Satiriker

Jan Böhmermann jetzt SPD-Mitglied – und eckt sofort an

Jan Böhmermann ist in der SPD angekommen und will weiter um den Parteivorsitz kämpfen.

Jan Böhmermann ist in der SPD angekommen und will weiter um den Parteivorsitz kämpfen.

Foto: Sven Hoppe / dpa

Jan Böhmermann ist seit Dienstag offizielles SPD-Mitglied. Aber die Aufnahme des berühmten TV-Satirikers stößt auch auf Ablehnung.

Berlin. Ja, er hat es tatsächlich geschafft. Jan Böhmermann ist jetzt offizielles Mitglied der Sozialdemokraten. SPD-Generalsekretär Lars Klingbeil gratulierte via Twitter und freute sich auf „Hausbesuche“ und „Plakate kleben“. Die Aufnahme des Satirikers in die SPD löste jedoch unterschiedliche Reaktionen aus.

Böhmermann wurde am Dienstag in die SPD aufgenommen. Der Kreisverband Anhalt-Bitterfeld hat am späten Abend einen entsprechenden Beschluss des Kreisvorstands bekanntgemacht. Der TV-Satiriker ist nun Mitglied des Ortsvereins Köthen.

SPD-Generalsekretär Klingbeil freut sich auf Böhmermann

Einer der ersten Gratulanten war SPD-Generalsekretär Lars Klingbeil, der Böhmermann als „lieber Genosse“ beim Kurznachrichtendienst Twitter „herzlich Willkommen“ hieß. Klingbeil wies allerdings auch auf die harte Arbeit hin, die nun auf den Satiriker warten würde: „Jetzt geht´s los!

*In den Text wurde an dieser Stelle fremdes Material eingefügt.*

lemma bounded_cofactor_quotient_right_half_disc:
  fixes A :: "complex mat" and w :: "nat \<Rightarrow> complex"
  assumes A: "A \<in> carrier_mat n n" and stable: "\<And>l. eigenvalue A l \<Longrightarrow> Re l < 0"
  obtains C where "C > 0" "\<And>z. 0 \<le> Re z \<Longrightarrow> norm z \<le> R \<Longrightarrow>
    norm ((\<Sum>j<n. w j * cofactor (char_matrix A z) d j) / det (char_matrix A z)) \<le> C"
proof -
  define K where "K = (\<lambda>(x, y). Complex x y) ` ({0..R} \<times> {-R..R})"
  have "compact K"
    unfolding K_def case_prod_unfold
    by (intro compact_continuous_image compact_Times compact_Icc continuous_intros)
  have "det (char_matrix A z) \<noteq> 0" if "0 \<le> Re z" for z
    using that stable eigenvalue_det[OF A] by force
  then have "continuous_on K (\<lambda>z. (\<Sum>j<n. w j * cofactor (char_matrix A z) d j) / det (char_matrix A z))"
    using A unfolding K_def
    by (intro continuous_intros continuous_on_det_char_matrix continuous_on_cofactor_char_matrix) auto
  then have "bounded ((\<lambda>z. (\<Sum>j<n. w j * cofactor (char_matrix A z) d j) / det (char_matrix A z)) ` K)"
    using \<open>compact K\<close> by (intro compact_imp_bounded compact_continuous_image)
  then obtain a where
    a: "\<And>z. z \<in> K \<Longrightarrow> norm ((\<Sum>j<n. w j * cofactor (char_matrix A z) d j) / det (char_matrix A z)) \<le> a"
    unfolding bounded_iff by blast
  have "z \<in> K" if "0 \<le> Re z" "norm z \<le> R" for z
    unfolding K_def using that abs_Re_le_cmod[of z] abs_Im_le_cmod[of z]
    by (auto intro!: image_eqI[of _ _ "(Re z, Im z)"])
  then show ?thesis
    using a by (intro that[of "max a 1"]) (auto intro: max.coboundedI1)
qed

text \<open>An eigenvalue \<open>l\<close> of the perturbed matrix with \<open>Re l \<ge> 0\<close> would lie in a fixed compact
  half-disc, where \<open>det (char_matrix A)\<close> has no zeros; expanding the characteristic determinant along
  row \<open>d\<close> then forces \<open>\<bar>\<delta>\<bar> \<ge> 1 / C\<close>.\<close>

lemma eigenvalues_left_half_plane_single_row_perturbation:
  fixes A B :: "complex mat"
  assumes A: "A \<in> carrier_mat n n" and B: "B \<in> carrier_mat n n" and d: "d < n"
    and B_rows: "\<And>i j. i < n \<Longrightarrow> j < n \<Longrightarrow> i \<noteq> d \<Longrightarrow> B $$ (i, j) = 0"
    and stable: "\<And>l. eigenvalue A l \<Longrightarrow> Re l < 0"
  shows "\<exists>\<eta>>0. \<forall>\<delta>. \<bar>\<delta>\<bar> < \<eta> \<longrightarrow> (\<forall>l. eigenvalue (A + complex_of_real \<delta> \<cdot>\<^sub>m B) l \<longrightarrow> Re l < 0)"
proof -
  define R where "R = (\<Sum>i<n. \<Sum>j<n. norm (A $$ (i, j)) + norm (B $$ (i, j)))"
  define f where "f z = det (char_matrix A z)" for z
  define g where "g z = (\<Sum>j<n. B $$ (d, j) * cofactor (char_matrix A z) d j)" for z
  obtain C where C: "C > 0" "\<And>z. 0 \<le> Re z \<Longrightarrow> norm z \<le> R \<Longrightarrow> norm (g z / f z) \<le> C"
    unfolding f_def g_def
    using bounded_cofactor_quotient_right_half_disc[OF A stable, where w = "\<lambda>j. B $$ (d, j)"] by blast
  show ?thesis
  proof (intro exI[of _ "min 1 (1 / C)"] conjI allI impI)
    fix \<delta> :: real and l
    assume \<delta>: "\<bar>\<delta>\<bar> < min 1 (1 / C)" and ev: "eigenvalue (A + complex_of_real \<delta> \<cdot>\<^sub>m B) l"
    show "Re l < 0"
    proof (rule ccontr)
      assume "\<not> Re l < 0"
      moreover have "norm l \<le> R"
        unfolding R_def using \<delta> by (intro norm_eigenvalue_single_row_perturbation_le[OF A B _ ev]) auto
      ultimately have bound: "norm (g l / f l) \<le> C" and fl: "f l \<noteq> 0"
        using C(2) stable eigenvalue_det[OF A] unfolding f_def by force+
      have "A + complex_of_real \<delta> \<cdot>\<^sub>m B \<in> carrier_mat n n"
        using A B by simp
      then have "det (char_matrix (A + complex_of_real \<delta> \<cdot>\<^sub>m B) l) = 0"
        using ev eigenvalue_det by blast
      then have "f l + complex_of_real \<delta> * g l = 0"
        unfolding f_def g_def using det_char_matrix_single_row_perturbation[OF A B d B_rows] by simp
      then have "complex_of_real \<delta> * g l = - f l"
        by (simp add: add_eq_0_iff)
      then have "complex_of_real \<delta> * (g l / f l) = -1"
        using fl by (simp add: field_simps)
      then have "1 = \<bar>\<delta>\<bar> * norm (g l / f l)"
        by (metis norm_minus_cancel norm_mult norm_of_real norm_one)
      also have "\<dots> \<le> \<bar>\<delta>\<bar> * C"
        using bound by (simp add: mult_left_mono)
      also have "\<dots> < 1"
        using \<delta> C(1) by (simp add: field_simps)
      finally show False by simp
    qed
  qed (use C(1) in simp)
qed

Infostände, Hausbesuche, Bürgergespräche, Plakate kleben. Wir freuen uns sehr, dass du jetzt an unserer Seite für eine starke Sozialdemokratie kämpfst!“

Die Begeisterung des Generalsekretärs teilen aber nicht alle SPD-Mitglieder, manche kündigen sogar ein Ende ihrer Mitgliedschaft an. Frank Steibli, laut Twitterprofil Mitglied der SPD Linden, antwortet Klingbeil: „Das ist nicht dein Ernst. Ich bin raus.“

Spott für Klingbeils Tweet an Böhmermann

Andere sehen aber auch eine Chance durch Böhmermanns Mitgliedschaft, insbesondere durch seine hohe Followerzahl (2,2 Millionen) bei Twitter. Klarna.me schreibt: „Ihr checkt nicht, dass Politik nicht mehr (nur) an den Infoständen und Haustüren stattfindet, oder? Denkanstoß: Werft mal einen Blick auf die Followerzahl von Böhmi und dann denkt nochmal drüber nach ob er nicht vielleicht anders viel mehr Leute erreichen.“

Andere reagieren mit Spott. „SPD 2019: Jedes neue Mitglied wird persönlich vom Generalsekretär begrüßt. Sind nicht viele und er hat auch sonst nicht viel zu tun“, schrieb Christian Meyer bei Twitter.

Böhmermann hielt SPD einen Monat auf Trab

Rund einen Monat beschäftigte die SPD Böhmermanns Ersuchen, Mitglied zu werden. Zuvor hatte er angekündigt, Parteivorsitzender werden zu wollen – hatte seine Pläne dafür aber nicht rechtzeitig umsetzen können.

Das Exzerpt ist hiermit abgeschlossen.